## Records provided
lemma S_lemma_strict_indefinite:
  assumes hF: "cadj F = F" and hG: "cadj G = G"
    and strict: "\<And>w. w \<noteq> 0 \<Longrightarrow> qform G w \<ge> 0 \<Longrightarrow> qform F w < 0"
    and Gx0: "qform G x0 > 0"
  shows "\<exists>\<tau>\<ge>0. \<forall>x. qform (F + \<tau> *\<^sub>R G) x \<le> 0"
proof -
  have F_neg: "qform F x < 0" if "qform G x > 0" for x
    using that strict[of x] qform_zero_right[of G] by (cases "x = 0") auto
  \<comment> \<open>The multiplier is the largest ratio -F/G over the region G < 0 (or 0);
      the ratios over G > 0 bound it from above.\<close>
  define L where "L = insert 0 {- qform F y / qform G y | y. qform G y < 0}"
  have L_le: "l \<le> - qform F x / qform G x" if "l \<in> L" "qform G x > 0" for l x
    using that F_neg[of x] S_lemma_ratio_le[OF hF hG strict, of x]
    unfolding L_def by (auto simp: divide_nonpos_pos)
  have bdd: "bdd_above L"
    using L_le Gx0 by (meson bdd_aboveI)
  define \<tau> where "\<tau> = Sup L"
  have \<tau>0: "\<tau> \<ge> 0"
    unfolding \<tau>_def using bdd by (intro cSup_upper) (auto simp: L_def)
  have "qform F x + \<tau> * qform G x \<le> 0" for x
  proof (cases "qform G x" "0 :: real" rule: linorder_cases)
    case less
    then have "- qform F x / qform G x \<le> \<tau>"
      unfolding \<tau>_def using bdd by (intro cSup_upper) (auto simp: L_def)
    then show ?thesis
      using less by (simp add: field_simps)
  next
    case equal
    then show ?thesis
      using strict[of x] by (cases "x = 0") (auto simp: qform_zero_right)
  next
    case greater
    then have "\<tau> \<le> - qform F x / qform G x"
      unfolding \<tau>_def by (intro cSup_least L_le) (auto simp: L_def)
    then show ?thesis
      using greater by (simp add: field_simps)
  qed
  then show ?thesis
    using \<tau>0 by (auto simp: qform_add qform_scaleR)
qed

lemma S_lemma_strict_nonpos:
  fixes F G :: "complex^'n^'n"
  assumes strict: "\<And>w. w \<noteq> 0 \<Longrightarrow> qform G w \<ge> 0 \<Longrightarrow> qform F w < 0"
    and G_nonpos: "\<And>x. qform G x \<le> 0"
  shows "\<exists>\<tau>\<ge>0. \<forall>x. qform (F + \<tau> *\<^sub>R G) x \<le> 0"
proof -
  define K where "K = sphere 0 1 \<inter> {x. 0 \<le> qform F x}"
  have "sphere (0::complex^'n) 1 \<noteq> {}"
    by simp
  then obtain x2 where x2: "\<And>y. y \<in> sphere 0 1 \<Longrightarrow> qform F y \<le> qform F x2"
    using continuous_attains_sup[OF compact_sphere _ continuous_on_qform] by blast
  have "compact K"
    unfolding K_def
    by (intro compact_Int_closed compact_sphere closed_Collect_le continuous_on_const continuous_on_qform)
  show ?thesis
  proof (cases "K = {}")
    case True
    then have "qform (F + 0 *\<^sub>R G) u \<le> 0" if "norm u = 1" for u
      using that unfolding K_def by (auto simp: qform_add qform_scaleR)
    then show ?thesis
      using qform_nonpos_if_nonpos_on_sphere by blast
  next
    case False
    obtain x1 where x1: "x1 \<in> K" "\<And>y. y \<in> K \<Longrightarrow> qform G y \<le> qform G x1"
      using continuous_attains_sup[OF \<open>compact K\<close> False continuous_on_qform] by blast
    have "x1 \<noteq> 0" "qform F x1 \<ge> 0"
      using x1(1) unfolding K_def by auto
    then have "qform G x1 < 0"
      using strict[of x1] G_nonpos[of x1] by linarith
    define \<tau> where "\<tau> = max 0 (qform F x2) / (- qform G x1)"
    have \<tau>0: "\<tau> \<ge> 0"
      unfolding \<tau>_def using \<open>qform G x1 < 0\<close> by (intro divide_nonneg_pos) auto
    have "qform F u + \<tau> * qform G u \<le> 0" if "norm u = 1" for u
    proof (cases "u \<in> K")
      case True
      have "\<tau> * qform G u \<le> \<tau> * qform G x1"
        using x1(2)[OF True] \<tau>0 by (simp add: mult_left_mono)
      also have "\<dots> = - max 0 (qform F x2)"
        unfolding \<tau>_def using \<open>qform G x1 < 0\<close> by simp
      finally show ?thesis
        using x2[of u] that by simp
    next
      case False
      then have "qform F u < 0"
        using that unfolding K_def by auto
      moreover have "\<tau> * qform G u \<le> 0"
        using \<tau>0 G_nonpos[of u] by (rule mult_nonneg_nonpos)
      ultimately show ?thesis
        by linarith
    qed
    then show ?thesis
      using \<tau>0 qform_nonpos_if_nonpos_on_sphere[of "F + \<tau> *\<^sub>R G"]
      by (auto simp: qform_add qform_scaleR)
  qed
qed

lemma S_lemma_strict:
  assumes "cadj F = F" and "cadj G = G"
    and "\<And>w. w \<noteq> 0 \<Longrightarrow> qform G w \<ge> 0 \<Longrightarrow> qform F w < 0"
  shows "\<exists>\<tau>\<ge>0. \<forall>x. qform (F + \<tau> *\<^sub>R G) x \<le> 0"
proof (cases "\<exists>x. qform G x > 0")
  case True
  then show ?thesis
    using S_lemma_strict_indefinite[OF assms] by blast
next
  case False
  then show ?thesis
    using S_lemma_strict_nonpos[OF assms(3)] by (simp add: not_less)
qed

section \<open>The semidefinite programs\<close>

definition gain_sdp_feasible :: "complex^'n^'n \<Rightarrow> complex^'n^'n \<Rightarrow> real set" where
  "gain_sdp_feasible A B = {g. \<exists>\<tau>. \<tau> \<ge> 0 \<and> g \<ge> 0 \<and>
     neg_semidef (cadj A ** A - cscale (complex_of_real g) (mat 1) + \<tau> *\<^sub>R B)}"

lemma qform_gain_sdp_matrix:
  "qform (cadj A ** A - cscale (complex_of_real g) (mat 1) + \<tau> *\<^sub>R B) x
     = (norm (A *v x))^2 - g * (norm x)^2 + \<tau> * qform B x"
  by (simp add: qform_add qform_diff qform_cadj_mult_self qform_cscale_mat_1 qform_scaleR)

lemma neg_semidef_iff_qform: "neg_semidef M \<longleftrightarrow> cadj M = M \<and> (\<forall>x. qform M x \<le> 0)"
  unfolding neg_semidef_def qform_def ..

lemma norm_sq_le_gain_sdp_feasible:
  assumes "g \<in> gain_sdp_feasible A B" and "norm x = 1" and "qform B x \<ge> 0"
  shows "(norm (A *v x))^2 \<le> g"
proof -
  obtain \<tau> where "\<tau> \<ge> 0"
    and "neg_semidef (cadj A ** A - cscale (complex_of_real g) (mat 1) + \<tau> *\<^sub>R B)"
    using assms(1) unfolding gain_sdp_feasible_def by blast
  then have "qform (cadj A ** A - cscale (complex_of_real g) (mat 1) + \<tau> *\<^sub>R B) x \<le> 0"
    and "\<tau> * qform B x \<ge> 0"
    using assms(3) unfolding neg_semidef_iff_qform by simp_all
  then show ?thesis
    using assms(2) unfolding qform_gain_sdp_matrix by simp
qed

lemma gain_sdp_feasible_if_bound:
  fixes A B :: "complex^'n^'n"
  assumes hB: "cadj B = B"
    and bound: "\<And>x. norm x = 1 \<Longrightarrow> qform B x \<ge> 0 \<Longrightarrow> (norm (A *v x))^2 \<le> c"
    and "0 \<le> c" and "c < g"
  shows "g \<in> gain_sdp_feasible A B"
proof -
  define F where "F = cadj A ** A - cscale (complex_of_real g) (mat 1)"
  have hF: "cadj F = F"
    unfolding F_def by (simp add: cadj_diff cadj_matrix_mult cadj_cadj cadj_cscale cadj_mat_1)
  have qF: "qform F w = (norm (A *v w))^2 - g * (norm w)^2" for w
    unfolding F_def by (simp only: qform_diff qform_cadj_mult_self qform_cscale_mat_1)
  have "qform F w < 0" if "w \<noteq> 0" "qform B w \<ge> 0" for w
  proof -
    have "qform B (sgn w) \<ge> 0"
      using that qform_sgn[of B w] by (simp add: zero_le_mult_iff)
    then have "(norm (A *v sgn w))^2 \<le> c"
      using bound that by (simp add: norm_sgn)
    then have "(norm (A *v w))^2 \<le> (norm w)^2 * c"
      using qform_sgn[of "cadj A ** A" w] by (simp add: qform_cadj_mult_self mult_left_mono)
    also have "\<dots> < g * (norm w)^2"
      using that \<open>c < g\<close> by (simp add: mult.commute)
    finally show ?thesis
      unfolding qF by simp
  qed
  then obtain \<tau> where "\<tau> \<ge> 0" "\<forall>x. qform (F + \<tau> *\<^sub>R B) x \<le> 0"
    using S_lemma_strict[OF hF hB] by blast
  moreover have "cadj (F + \<tau> *\<^sub>R B) = F + \<tau> *\<^sub>R B"
    by (simp add: cadj_add cadj_scaleR hF hB)
  ultimately show ?thesis
    unfolding gain_sdp_feasible_def F_def neg_semidef_iff_qform using assms(3,4) by auto
qed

## Your task
Could you write out exactly the lines above, starting at the first one and ending with the line that has "using that strict[of"?

## Response below
lemma S_lemma_strict_indefinite:
  assumes hF: "cadj F = F" and hG: "cadj G = G"
    and strict: "\<And>w. w \<noteq> 0 \<Longrightarrow> qform G w \<ge> 0 \<Longrightarrow> qform F w < 0"
    and Gx0: "qform G x0 > 0"
  shows "\<exists>\<tau>\<ge>0. \<forall>x. qform (F + \<tau> *\<^sub>R G) x \<le> 0"
proof -
  have F_neg: "qform F x < 0" if "qform G x > 0" for x
    using that strict[of x] qform_zero_right[of G] by (cases "x = 0") auto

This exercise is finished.